WHAT YOU WILL DO: Please give back word for word the lines of the material below between the line containing "map (nth p)" and the line containing "fst (nths q", inclusive.
== DATA RECORDS ==
lemma length_std_nths: "S \<subseteq> {..<length p} \<Longrightarrow> length (std (nths p S)) = card S"
  by (simp add: length_nths_subset)

lemma image_sorted_list_of_set_std_nths:
  assumes "S \<subseteq> {..<length p}"
  shows "(!) (sorted_list_of_set S) ` {..<length (std (nths p S))} = S"
  using nth_sorted_list_of_set_image[OF finite_subset[OF assms]] length_nths_subset[OF assms]
  by simp

lemma embeds_std_nths:
  assumes "S \<subseteq> {..<length p}"
  shows "embeds ((!) (sorted_list_of_set S)) (std (nths p S)) p"
proof -
  let ?l = "sorted_list_of_set S"
  have nth_nths: "nths p S ! k = p ! (?l ! k)" if "k < card S" for k
    using that finite_subset[OF assms] by (simp add: nths_eq_map_nth_sorted_list_of_set[OF assms])
  have "?l ! k \<in> S" if "k < card S" for k
    using that finite_subset[OF assms] by (simp add: nth_sorted_list_of_set_mem)
  moreover have "?l ! k < ?l ! l" if "k < l" "l < card S" for k l
    using that by (simp add: sorted_wrt_nth_less)
  ultimately show ?thesis
    using same_pattern_std[of "nths p S"] assms length_nths_subset[OF assms]
    unfolding embeds_def same_pattern_def by (auto simp: nth_nths)
qed

lemma std_nths_embeds:
  assumes e: "embeds f q p" and "distinct (map fst p)" and C: "C \<subseteq> {..<length q}"
  shows "std (nths q C) = std (nths p (f ` C))"
proof -
  let ?l = "sorted_list_of_set C"
  have fC: "f ` C \<subseteq> {..<length p}"
    using e C unfolding embeds_def by auto
  have "sorted_list_of_set (f ` C) = map f ?l"
    using e C finite_subset[OF C]
    by (intro sorted_list_of_set_image_strict_mono) (auto simp: embeds_def)
  then have p_part: "nths p (f ` C) = map (nth p) (map f ?l)"
    using nths_eq_map_nth_sorted_list_of_set[OF fC] by simp
  have q_part: "nths q C = map (nth q) ?l"
    by (rule nths_eq_map_nth_sorted_list_of_set[OF C])
  have "?l ! k < length q" if "k < length ?l" for k
    using that C nth_sorted_list_of_set_mem[OF finite_subset[OF C]] by auto
  then have "same_pattern (nths q C) (nths p (f ` C))"
    unfolding same_pattern_def p_part q_part using e unfolding embeds_def by auto
  moreover have "distinct (map fst (nths q C))" "distinct (map fst (nths p (f ` C)))"
    using distinct_embeds[OF assms(1,2)] assms(2) by (simp_all add: distinct_nthsI flip: nths_map)
  ultimately show ?thesis
    by (simp add: std_eq_if_same_pattern)
qed

lemma gridded_embeds:
  assumes p: "gridded m n M p" and e: "embeds f q p" and "standard q"
  shows "gridded m n M q"
proof -
  have cell: "gcol q k = gcol p (f k)" "grow q k = grow p (f k)" "snd (q ! k) = snd (p ! f k)"
    and pos: "f k < length p" if "k < length q" for k
    using e that unfolding embeds_def gcol_def grow_def by auto
  have val: "gval q k < gval q l \<longleftrightarrow> gval p (f k) < gval p (f l)"
    if "k < length q" "l < length q" for k l
    using e that unfolding embeds_def gval_def by auto
  have mono: "f k < f l" if "k < l" "l < length q" for k l
    using e that unfolding embeds_def by auto
  show ?thesis
    unfolding gridded_def
  proof (intro conjI allI impI)
    show "distinct (map fst q)" "set (map fst q) = {0..<length q}"
      using \<open>standard q\<close> unfolding standard_def by auto
  next
    fix x assume "x < length q"
    then show "gcol q x < m" "grow q x < n" "M (gcol q x) (grow q x) \<noteq> 0"
      using p cell pos unfolding gridded_def by auto
  next
    fix x y assume "x < y \<and> y < length q"
    then show "gcol q x \<le> gcol q y"
      using p cell mono pos unfolding gridded_def by (metis order.strict_trans)
  next
    fix x y assume "x < length q" "y < length q" "gval q x < gval q y"
    then show "grow q x \<le> grow q y"
      using p cell val pos unfolding gridded_def by metis
  next
    fix x y assume xy: "x < y \<and> y < length q \<and> snd (q ! x) = snd (q ! y)"
    then have "x < length q" by simp
    with xy show "M (gcol q x) (grow q x) = 1 \<Longrightarrow> gval q x < gval q y"
      and "M (gcol q x) (grow q x) = -1 \<Longrightarrow> gval q y < gval q x"
      using p cell val pos mono unfolding gridded_def by metis+
  qed
qed

lemma gridded_std_nths:
  assumes p: "gridded m n M p" and S: "S \<subseteq> {..<length p}"
  shows "gridded m n M (std (nths p S))"
proof -
  have "distinct (map fst p)"
    using p unfolding gridded_def by simp
  then have "standard (std (nths p S))"
    by (simp add: standard_std flip: nths_map)
  then show ?thesis
    by (rule gridded_embeds[OF p embeds_std_nths[OF S]])
qed

section \<open>Precedence and M-sums\<close>

definition precedes :: "(nat \<Rightarrow> int) \<Rightarrow> (nat \<Rightarrow> int) \<Rightarrow> gperm \<Rightarrow> nat \<Rightarrow> nat \<Rightarrow> bool" where
  "precedes c r p x y \<longleftrightarrow> x < length p \<and> y < length p \<and>
    (gcol p x = gcol p y \<and> (c (gcol p x) = 1 \<and> x < y \<or> c (gcol p x) = -1 \<and> y < x) \<or>
     grow p x = grow p y \<and>
       (r (grow p x) = 1 \<and> gval p x < gval p y \<or> r (grow p x) = -1 \<and> gval p y < gval p x))"
lemma two_primal_m2_ideal_nilpotent:
  fixes X :: "'a::ring_1 m2"
  assumes "two_primal TYPE('a)" and "X \<in> m2_ideal {x::'a. nilpotent x}"
  shows "nilpotent X"
  using m2_nilpotent_if_entries_in_prime_radical[of X] assms by (simp add: two_primal_def)

lemma swnc_elem_if_nilpotent: "nilpotent (a::'a::ring_1) \<Longrightarrow> swnc_elem a"
  unfolding swnc_elem_def by (intro exI[of _ 0] exI[of _ a]) (simp add: idempotent_def)

lemma swnc_elem_if_nilpotent_square_minus:
  fixes a :: "'a::ring_1"
  assumes "nilpotent (a * a - a)"
  shows "swnc_elem a"
proof -
  obtain e where "idempotent e" "nilpotent (a - e)" "e * a = a * e"
    using idempotent_lift[OF assms] by blast
  moreover have "e * (a - e) = (a - e) * e"
    using \<open>e * a = a * e\<close> by (simp add: algebra_simps)
  ultimately show ?thesis
    unfolding swnc_elem_def by (intro exI[of _ e] exI[of _ "a - e"]) simp
qed

lemma swnc_elem_if_nilpotent_square_plus:
  fixes a :: "'a::ring_1"
  assumes "nilpotent (a * a + a)"
  shows "swnc_elem a"
proof -
  obtain e where "idempotent e" "nilpotent (- a - e)" "e * - a = - a * e"
    using idempotent_lift[of "- a"] assms by auto
  moreover have "nilpotent (a + e)"
    using nilpotent_uminus[OF \<open>nilpotent (- a - e)\<close>] by (simp add: add.commute)
  moreover have "e * (a + e) = (a + e) * e"
    using \<open>e * - a = - a * e\<close> by (simp add: algebra_simps)
  ultimately show ?thesis
    unfolding swnc_elem_def by (intro exI[of _ e] exI[of _ "a + e"]) simp
qed

lemma m2_swnc_elem_if_det_nilpotent:
  fixes A :: "'a::ring_1 m2"
  assumes "two_primal TYPE('a)" and "local_ring TYPE('a)" and "swnc_ring TYPE('a)"
    and A: "A - int_m2 a b c d \<in> m2_ideal {x. nilpotent x}"
    and det: "nilpotent (of_int (a * d - b * c) :: 'a)"
  shows "swnc_elem A"
proof -
  let ?J = "m2_ideal {x::'a. nilpotent x}" and ?A\<^sub>0 = "int_m2 a b c d :: 'a m2"
  have N: "two_sided_ideal {x::'a. nilpotent x}" and J: "two_sided_ideal ?J"
    using swnc_local_nilpotent_ideal[OF assms(2,3)] two_sided_ideal_m2_ideal by blast+
  obtain \<tau> :: int where \<tau>: "\<tau> \<in> {-1, 0, 1}" and trace: "nilpotent (of_int (a + d) - of_int \<tau> :: 'a)"
    using swnc_local_residue[OF assms(2,3)] .
  have "of_int \<tau> * A - of_int \<tau> * ?A\<^sub>0 \<in> ?J"
    using ideal_diff_mult[OF J _ A, of "of_int \<tau>" "of_int \<tau>"] ideal_zero[OF J] by simp
  moreover have "A * A - of_int \<tau> * A - (?A\<^sub>0 * ?A\<^sub>0 - of_int \<tau> * ?A\<^sub>0) =
      (A * A - ?A\<^sub>0 * ?A\<^sub>0) - (of_int \<tau> * A - of_int \<tau> * ?A\<^sub>0)"
    by (simp add: algebra_simps)
  ultimately have "A * A - of_int \<tau> * A - (?A\<^sub>0 * ?A\<^sub>0 - of_int \<tau> * ?A\<^sub>0) \<in> ?J"
    using ideal_diff[OF J ideal_diff_mult[OF J A A]] by (simp only:)
  moreover have "?A\<^sub>0 * ?A\<^sub>0 - of_int \<tau> * ?A\<^sub>0 = of_int (a + d - \<tau>) * ?A\<^sub>0 - of_int (a * d - b * c)"
    by (simp add: int_m2_square algebra_simps)
  moreover have "of_int (a + d - \<tau>) * ?A\<^sub>0 - of_int (a * d - b * c) \<in> ?J"
    using trace det by (intro ideal_diff ideal_mult_right of_int_in_m2_ideal J N) auto
  ultimately have "A * A - of_int \<tau> * A \<in> ?J"
    using ideal_add[OF J] by fastforce
  then have "nilpotent (A * A - of_int \<tau> * A)"
    using two_primal_m2_ideal_nilpotent[OF assms(1)] by blast
  with \<tau> show ?thesis
    by (auto intro: swnc_elem_if_nilpotent[OF nilpotent_if_nilpotent_square]
        swnc_elem_if_nilpotent_square_minus swnc_elem_if_nilpotent_square_plus)
qed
===
RESULT OF THE TASK:
  then have p_part: "nths p (f ` C) = map (nth p) (map f ?l)"
    using nths_eq_map_nth_sorted_list_of_set[OF fC] by simp
  have q_part: "nths q C = map (nth q) ?l"
    by (rule nths_eq_map_nth_sorted_list_of_set[OF C])
  have "?l ! k < length q" if "k < length ?l" for k
    using that C nth_sorted_list_of_set_mem[OF finite_subset[OF C]] by auto
  then have "same_pattern (nths q C) (nths p (f ` C))"
    unfolding same_pattern_def p_part q_part using e unfolding embeds_def by auto
  moreover have "distinct (map fst (nths q C))" "distinct (map fst (nths p (f ` C)))"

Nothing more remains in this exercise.